Lines from the one containing "using summable_lambert_term[OF assms]" to the end of the entries below must be reproduced exactly, with both end lines kept and no other line added.

<<<<

theorem mainTheorem17:
  fixes q :: real
  assumes "0 < q" and "q < 1"
  shows "(1 + q) * q^3 / ((1 - q)^5 * (1 - q^3)^3)
      - (\<Sum>n. (1 + q^(2*(n+1)+1)) * q^(7*(n+1)) /
           ((1 - q^(2*(n+1)-1))^3 * (1 - q^(2*(n+1)+1))^2 * (1 - q^(2*(n+1)+3))^3))
    = (gosper_pi_q q)^2 * (1 + q + q^2) * (1 + q + q^2 + q^3 + q^4) * q powr (5/2)
      / ((1 + q^2)^3 * (1 - q^2)^8)"
proof -
  let ?S = "\<lambda>n. (1 + q^(2*(n+1)+1)) * q^(7*(n+1)) /
           ((1 - q^(2*(n+1)-1))^3 * (1 - q^(2*(n+1)+1))^2 * (1 - q^(2*(n+1)+3))^3)"
  let ?c = "lambert_coeff q"
  have "(\<lambda>n. ?S n + ?c * lambert_term q (Suc n)) sums (tail q 0 - 0)"
    unfolding summand_eq_tail_diff[OF assms] by (rule telescope_sums'[OF tail_tendsto_0[OF assms]])
  moreover have "(\<lambda>n. ?c * lambert_term q (Suc n)) sums (?c * ((\<Sum>k. lambert_term q k) - lambert_term q 0))"
    using summable_lambert_term[OF assms] by (intro sums_mult) (simp add: sums_Suc_iff summable_sums)
  ultimately have "?S sums (tail q 0 - ?c * ((\<Sum>k. lambert_term q k) - lambert_term q 0))"
    using sums_diff by fastforce
  then show ?thesis
    unfolding sums_iff first_term_eq_tail_0[OF assms] gosper_pi_q_prefactor_eq[OF assms]
      suminf_lambert_term[OF assms, symmetric]
    by (simp add: algebra_simps)
qed

end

>>>>

**RESULT OF THE EXERCISE:**
    using summable_lambert_term[OF assms] by (intro sums_mult) (simp add: sums_Suc_iff summable_sums)
  ultimately have "?S sums (tail q 0 - ?c * ((\<Sum>k. lambert_term q k) - lambert_term q 0))"
    using sums_diff by fastforce
  then show ?thesis
    unfolding sums_iff first_term_eq_tail_0[OF assms] gosper_pi_q_prefactor_eq[OF assms]
      suminf_lambert_term[OF assms, symmetric]
    by (simp add: algebra_simps)
qed

end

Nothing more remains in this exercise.